[Dataset items]
- Opening Delimiter -

text \<open>Cauchy-Schwarz for the factorization a v = sqrt |a| * (sqrt |a| v).\<close>

lemma cmod_sum_mult_sq_le:
  fixes a v :: "'a \<Rightarrow> complex"
  shows "(cmod (\<Sum>\<tau>\<in>C. a \<tau> * v \<tau>))\<^sup>2 \<le> (\<Sum>\<tau>\<in>C. cmod (a \<tau>)) * (\<Sum>\<tau>\<in>C. cmod (a \<tau>) * (cmod (v \<tau>))\<^sup>2)"
proof -
  have "cmod (\<Sum>\<tau>\<in>C. a \<tau> * v \<tau>) \<le> (\<Sum>\<tau>\<in>C. sqrt (cmod (a \<tau>)) * (sqrt (cmod (a \<tau>)) * cmod (v \<tau>)))"
    by (rule order_trans[OF norm_sum]) (simp add: norm_mult mult.assoc[symmetric])
  then have "(cmod (\<Sum>\<tau>\<in>C. a \<tau> * v \<tau>))\<^sup>2
      \<le> (\<Sum>\<tau>\<in>C. sqrt (cmod (a \<tau>)) * (sqrt (cmod (a \<tau>)) * cmod (v \<tau>)))\<^sup>2"
    by (intro power_mono) auto
  also have "\<dots> \<le> (\<Sum>\<tau>\<in>C. (sqrt (cmod (a \<tau>)))\<^sup>2) * (\<Sum>\<tau>\<in>C. (sqrt (cmod (a \<tau>)) * cmod (v \<tau>))\<^sup>2)"
    by (rule Cauchy_Schwarz_ineq_sum)
  also have "\<dots> = (\<Sum>\<tau>\<in>C. cmod (a \<tau>)) * (\<Sum>\<tau>\<in>C. cmod (a \<tau>) * (cmod (v \<tau>))\<^sup>2)"
    by (simp add: power_mult_distrib)
  finally show ?thesis .
qed

lemma opnorm_le_schur:
  assumes b: "schur_bounded C M r" and r: "0 \<le> r"
  shows "opnorm C M \<le> r"
  unfolding opnorm_def
proof (rule cSup_least)
  show "{sqrt (\<Sum>\<sigma>\<in>C. (cmod (\<Sum>\<tau>\<in>C. M \<sigma> \<tau> * v \<tau>))\<^sup>2) |v. (\<Sum>\<sigma>\<in>C. (cmod (v \<sigma>))\<^sup>2) \<le> 1} \<noteq> {}"
  proof -
    have "sqrt (\<Sum>\<sigma>\<in>C. (cmod (\<Sum>\<tau>\<in>C. M \<sigma> \<tau> * 0))\<^sup>2)
        \<in> {sqrt (\<Sum>\<sigma>\<in>C. (cmod (\<Sum>\<tau>\<in>C. M \<sigma> \<tau> * v \<tau>))\<^sup>2) |v. (\<Sum>\<sigma>\<in>C. (cmod (v \<sigma>))\<^sup>2) \<le> 1}"
      by (rule CollectI, rule exI[of _ "\<lambda>_. 0"]) simp
    then show ?thesis by blast
  qed
next
  fix u assume "u \<in> {sqrt (\<Sum>\<sigma>\<in>C. (cmod (\<Sum>\<tau>\<in>C. M \<sigma> \<tau> * v \<tau>))\<^sup>2) |v. (\<Sum>\<sigma>\<in>C. (cmod (v \<sigma>))\<^sup>2) \<le> 1}"
  then obtain v where u: "u = sqrt (\<Sum>\<sigma>\<in>C. (cmod (\<Sum>\<tau>\<in>C. M \<sigma> \<tau> * v \<tau>))\<^sup>2)"
    and v: "(\<Sum>\<sigma>\<in>C. (cmod (v \<sigma>))\<^sup>2) \<le> 1"
    by auto
  have row: "(cmod (\<Sum>\<tau>\<in>C. M \<sigma> \<tau> * v \<tau>))\<^sup>2 \<le> r * (\<Sum>\<tau>\<in>C. cmod (M \<sigma> \<tau>) * (cmod (v \<tau>))\<^sup>2)"
    if "\<sigma> \<in> C" for \<sigma>
  proof -
    have "(\<Sum>\<tau>\<in>C. cmod (M \<sigma> \<tau>)) \<le> r"
      using b that unfolding schur_bounded_def row_sum_le_def by blast
    moreover have "0 \<le> (\<Sum>\<tau>\<in>C. cmod (M \<sigma> \<tau>) * (cmod (v \<tau>))\<^sup>2)" by (intro sum_nonneg) simp
    ultimately show ?thesis
      using cmod_sum_mult_sq_le[of "M \<sigma>" v C] by (meson mult_right_mono order_trans)
  qed
  have "(\<Sum>\<sigma>\<in>C. (cmod (\<Sum>\<tau>\<in>C. M \<sigma> \<tau> * v \<tau>))\<^sup>2) \<le> (\<Sum>\<sigma>\<in>C. r * (\<Sum>\<tau>\<in>C. cmod (M \<sigma> \<tau>) * (cmod (v \<tau>))\<^sup>2))"
    by (rule sum_mono) (rule row)
  also have "\<dots> = r * (\<Sum>\<tau>\<in>C. (\<Sum>\<sigma>\<in>C. cmod (M \<sigma> \<tau>)) * (cmod (v \<tau>))\<^sup>2)"
    by (simp add: sum_distrib_left[symmetric] sum_distrib_right) (rule disjI2, rule sum.swap)
  also have "\<dots> \<le> r * (\<Sum>\<tau>\<in>C. r * (cmod (v \<tau>))\<^sup>2)"
    using b r unfolding schur_bounded_def row_sum_le_def optrans_def
    by (intro mult_left_mono sum_mono mult_right_mono) auto
  also have "\<dots> = r\<^sup>2 * (\<Sum>\<tau>\<in>C. (cmod (v \<tau>))\<^sup>2)"
    by (simp add: sum_distrib_left power2_eq_square mult.assoc)
  also have "\<dots> \<le> r\<^sup>2" using v by (simp add: mult_left_le)
  finally have "u \<le> sqrt (r\<^sup>2)" unfolding u by (rule real_sqrt_le_mono)
  then show "u \<le> r" using r by simp
qed

lemma Sop_schur_bounded:
  assumes x: "x \<in> Lambda d L"
  shows "schur_bounded (confs d n L) (Sop n x a) ((real n + 1)\<^sup>2)"
  unfolding schur_bounded_def row_sum_le_def optrans_def
proof (intro conjI ballI)
  fix \<sigma> assume \<sigma>: "\<sigma> \<in> confs d n L"
  have "(\<Sum>\<tau>\<in>confs d n L. cmod (Sop n x a \<sigma> \<tau>))
      = (\<Sum>\<tau>\<in>confs d n L. if agree_off x \<sigma> \<tau> then cmod (spin n a (\<sigma> x) (\<tau> x)) else 0)"
    unfolding Sop_eq by (rule sum.cong) auto
  also have "\<dots> = (\<Sum>j\<le>n. cmod (spin n a (\<sigma> x) j))" by (subst sum_confs_agree_off[OF \<sigma> x]) simp
  also have "\<dots> \<le> (\<Sum>j\<le>n. real n + 1)" using confs_le[OF \<sigma> x] by (intro sum_mono spin_norm_le) auto
  finally show "(\<Sum>\<tau>\<in>confs d n L. cmod (Sop n x a \<sigma> \<tau>)) \<le> (real n + 1)\<^sup>2"
    by (simp add: power2_eq_square algebra_simps)
next
  fix \<tau> assume \<tau>: "\<tau> \<in> confs d n L"
  have "(\<Sum>\<sigma>\<in>confs d n L. cmod (Sop n x a \<sigma> \<tau>))
      = (\<Sum>\<sigma>\<in>confs d n L. if agree_off x \<tau> \<sigma> then cmod (spin n a (\<sigma> x) (\<tau> x)) else 0)"
    unfolding Sop_eq by (rule sum.cong) (auto simp: agree_off_sym)
  also have "\<dots> = (\<Sum>j\<le>n. cmod (spin n a j (\<tau> x)))" by (subst sum_confs_agree_off[OF \<tau> x]) simp
  also have "\<dots> \<le> (\<Sum>j\<le>n. real n + 1)" using confs_le[OF \<tau> x] by (intro sum_mono spin_norm_le) auto
  finally show "(\<Sum>\<sigma>\<in>confs d n L. cmod (Sop n x a \<sigma> \<tau>)) \<le> (real n + 1)\<^sup>2"
    by (simp add: power2_eq_square algebra_simps)
qed

definition spin_const :: "nat \<Rightarrow> real" where
  "spin_const n = 12 * (real n + 1) ^ 8"

lemma schur_bounded_spin_double_commutator:
  assumes x: "x \<in> Lambda d L" and y: "y \<in> Lambda d L"
  shows "schur_bounded (confs d n L)
    (opcomm (confs d n L) (opcomm (confs d n L) (Sop n x 1) (sdot d n L x y)) (Sop n x 1)) (spin_const n)"
proof -
  let ?C = "confs d n L" and ?s = "(real n + 1)\<^sup>2"
  have "schur_bounded ?C (sdot d n L x y) (3 * (?s * ?s))"
    using schur_bounded_opsum[of "{1, 2, 3}" ?C "\<lambda>a. opmult ?C (Sop n x a) (Sop n y a)" "?s * ?s"]
      schur_bounded_opmult[OF Sop_schur_bounded[OF x] Sop_schur_bounded[OF y]]
    unfolding sdot_eq_opsum by simp
  then have "schur_bounded ?C (opcomm ?C (Sop n x 1) (sdot d n L x y)) (2 * (?s * (3 * (?s * ?s))))"
    by (rule schur_bounded_opcomm[OF Sop_schur_bounded[OF x]]) auto
  then have "schur_bounded ?C (opcomm ?C (opcomm ?C (Sop n x 1) (sdot d n L x y)) (Sop n x 1))
      (2 * (2 * (?s * (3 * (?s * ?s))) * ?s))"
    by (rule schur_bounded_opcomm[OF _ Sop_schur_bounded[OF x]]) auto
  moreover have "2 * (2 * (?s * (3 * (?s * ?s))) * ?s) = spin_const n"
    unfolding spin_const_def by (simp add: power_mult_distrib flip: power_add power_mult)
  ultimately show ?thesis by simp
qed

lemma opnorm_double_commutator_transverse_field:
  fixes n d L :: nat and h :: "site \<Rightarrow> complex"
  assumes xy: "x \<noteq> y" and x: "x \<in> Lambda d L" and y: "y \<in> Lambda d L"
  defines "H \<equiv> transverse_field d n L h"
  shows "opnorm (confs d n L) (opcomm (confs d n L) (opcomm (confs d n L) H (sdot d n L x y)) H)
     \<le> (cmod (h x - h y))\<^sup>2 * spin_const n"
proof -
  have "schur_bounded (confs d n L) (opscale ((h x - h y)\<^sup>2)
      (opcomm (confs d n L) (opcomm (confs d n L) (Sop n x 1) (sdot d n L x y)) (Sop n x 1)))
      ((cmod (h x - h y))\<^sup>2 * spin_const n)"
    using schur_bounded_opscale[OF schur_bounded_spin_double_commutator[OF x y], where c="(h x - h y)\<^sup>2"]
    unfolding norm_power .
  then show ?thesis
    unfolding H_def opnorm_cong[OF double_commutator_transverse_field[OF xy x y]]
    by (rule opnorm_le_schur) (simp add: spin_const_def)
qed

subsection \<open>Bonds of the torus near the origin\<close>

lemma Omega_subset_Lambda_imp_le:
  assumes d: "d \<ge> 1" and N: "0 \<le> N" and sub: "Omega d N \<subseteq> Lambda d L"
  shows "N + 1 \<le> int L"
proof -
  let ?p = "(\<lambda>i. if i < d then - N else 0) :: site"
  have "?p \<in> Lambda d L" using sub N unfolding Omega_def by auto
  then have "\<forall>i<d. - int L + 1 \<le> ?p i" unfolding Lambda_def by blast
  moreover have "0 < d" using d by simp
  ultimately have "- int L + 1 \<le> ?p 0" by blast
  then show ?thesis using \<open>0 < d\<close> by simp
qed

lemma mod_eq_1_cases:
  fixes a m :: int
  assumes "0 < m" "- m \<le> a" "a < m" "a mod m = 1"
  shows "a = 1 \<or> a = 1 - m"
proof (cases "a \<ge> 0")
  case True
  then show ?thesis using assms by (simp add: mod_pos_pos_trivial)
next
  case False
  have "a mod m = (a + m) mod m" by simp
  also have "\<dots> = a + m" using assms False by (intro mod_pos_pos_trivial) auto
  finally show ?thesis using assms by auto
qed

text \<open>Lambda_L represents the torus by the coordinates -L+1, ..., L, so a step
  from -L+1 downwards lands on L.\<close>

definition wrap :: "nat \<Rightarrow> int \<Rightarrow> int" where
  "wrap L c = (if c = - int L then int L else c)"

definition torus_nb :: "nat \<Rightarrow> site \<Rightarrow> nat \<Rightarrow> int \<Rightarrow> site" where
  "torus_nb L x i s = x(i := wrap L (x i + s))"

lemma adjT_sym: "adjT d L x y = adjT d L y x"
  unfolding adjT_def by (metis (no_types, opaque_lifting))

- Closing Delimiter -

Your task
Go through the entries. Report every line that contains the word "shows".

Task answer
  shows "(cmod (\<Sum>\<tau>\<in>C. a \<tau> * v \<tau>))\<^sup>2 \<le> (\<Sum>\<tau>\<in>C. cmod (a \<tau>)) * (\<Sum>\<tau>\<in>C. cmod (a \<tau>) * (cmod (v \<tau>))\<^sup>2)"
  shows "opnorm C M \<le> r"
  shows "schur_bounded (confs d n L) (Sop n x a) ((real n + 1)\<^sup>2)"
  shows "schur_bounded (confs d n L)
  shows "opnorm (confs d n L) (opcomm (confs d n L) (opcomm (confs d n L) H (sdot d n L x y)) H)
  shows "N + 1 \<le> int L"
  shows "a = 1 \<or> a = 1 - m"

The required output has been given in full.